◆ Stored entries ◆

——

lemma smallest_enclosing_hcube_center_box:
  assumes "finite P" "P \<noteq> {}" "c \<in> center_box P"
  shows "smallest_enclosing_hcube P c (cube_radius P)"
proof -
  have "P \<subseteq> hcube c (cube_radius P)"
    using outer_radius_center_box[OF assms] subset_hcube_iff[OF assms(1,2)] by simp
  moreover have "cube_radius P \<le> r'" if "P \<subseteq> hcube c' r'" for c' r'
    using that cube_radius_le_outer_radius[OF assms(1,2), of c'] subset_hcube_iff[OF assms(1,2)]
    by force
  ultimately show ?thesis
    using cube_radius_nonneg[OF assms(1,2)] by (auto simp: smallest_enclosing_hcube_def)
qed

lemma center_box_near:
  assumes "finite P" "P \<noteq> {}"
  obtains c' where "c' \<in> center_box P" "infnorm (c - c') \<le> outer_radius P c - cube_radius P"
proof
  define lo where "lo i = coord_max P i - cube_radius P" for i
  define hi where "hi i = coord_min P i + cube_radius P" for i
  have lo_hi: "lo i \<le> hi i" for i
    using coord_extent_le_cube_radius[of P i] by (simp add: lo_def hi_def)
  define c' where "c' = (\<chi> i. max (lo i) (min (hi i) (c$i)))"
  show "c' \<in> center_box P"
    using lo_hi by (simp add: center_box_def mem_box_cart c'_def lo_def hi_def)
  show "infnorm (c - c') \<le> outer_radius P c - cube_radius P"
    unfolding infnorm_le_iff_cart
  proof
    fix i
    show "\<bar>(c - c')$i\<bar> \<le> outer_radius P c - cube_radius P"
      using coord_bounds_outer_radius[OF assms, where c = c and i = i] lo_hi[of i]
        cube_radius_le_outer_radius[OF assms, of c]
      by (auto simp: c'_def lo_def hi_def)
  qed
qed

lemma shell_width_le_in_center_box:
  assumes "finite P" "P \<noteq> {}"
  obtains c' where "c' \<in> center_box P" "shell_width P c' \<le> shell_width P c"
proof -
  obtain c' where "c' \<in> center_box P" and near: "infnorm (c - c') \<le> outer_radius P c - cube_radius P"
    using center_box_near[OF assms] .
  moreover have "inner_radius P c - infnorm (c - c') \<le> inner_radius P c'"
    using inner_radius_lipschitz[OF assms, where c = c' and d = c] infnorm_sub[of c c'] by linarith
  ultimately have "shell_width P c' \<le> shell_width P c"
    using outer_radius_center_box[OF assms] unfolding shell_width_def by fastforce
  then show ?thesis using that \<open>c' \<in> center_box P\<close> by blast
qed

lemma shell_width_minimum_in_center_box:
  assumes "finite P" "P \<noteq> {}"
  obtains c0 where "c0 \<in> center_box P" "\<And>c. shell_width P c0 \<le> shell_width P c"
proof -
  have "compact (center_box P)" "center_box P \<noteq> {}"
    using center_box_near[OF assms] by (auto simp: center_box_def)
  then obtain c0 where c0: "c0 \<in> center_box P"
    and min: "\<forall>c\<in>center_box P. shell_width P c0 \<le> shell_width P c"
    using continuous_attains_inf continuous_on_shell_width[OF assms] by blast
  have "shell_width P c0 \<le> shell_width P c" for c
  proof -
    obtain c' where "c' \<in> center_box P" "shell_width P c' \<le> shell_width P c"
      using shell_width_le_in_center_box[OF assms] .
    then show ?thesis using min by fastforce
  qed
  with c0 show ?thesis by (rule that)
qed

text \<open>The argument works in every dimension.\<close>

theorem lemma3:
  fixes P :: "(real^'n) set"
  assumes "CARD('n) \<ge> 3"
    and "finite P"
  shows "\<exists>c r r'. min_width_shell P c r r' \<and> c \<in> seh_centers P"
proof (cases "P = {}")
  case True
  then have "min_width_shell P 0 0 0" "smallest_enclosing_hcube P 0 0"
    by (simp_all add: min_width_shell_def smallest_enclosing_hcube_def)
  then show ?thesis by (auto simp: seh_centers_def)
next
  case False
  obtain c0 where c0: "c0 \<in> center_box P" and "\<And>c. shell_width P c0 \<le> shell_width P c"
    using shell_width_minimum_in_center_box[OF assms(2) False] by blast
  with min_width_shell_radii[OF assms(2) False]
  have "min_width_shell P c0 (outer_radius P c0) (inner_radius P c0)" by blast
  moreover have "c0 \<in> seh_centers P"
    using smallest_enclosing_hcube_center_box[OF assms(2) False c0] by (auto simp: seh_centers_def)
  ultimately show ?thesis by blast
qed

end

——

What is needed is every line of the records that contains the word "proof".

◆ ANSWER SECTION ◆
proof -
proof
  proof
proof -
proof -
  proof -
proof (cases "P = {}")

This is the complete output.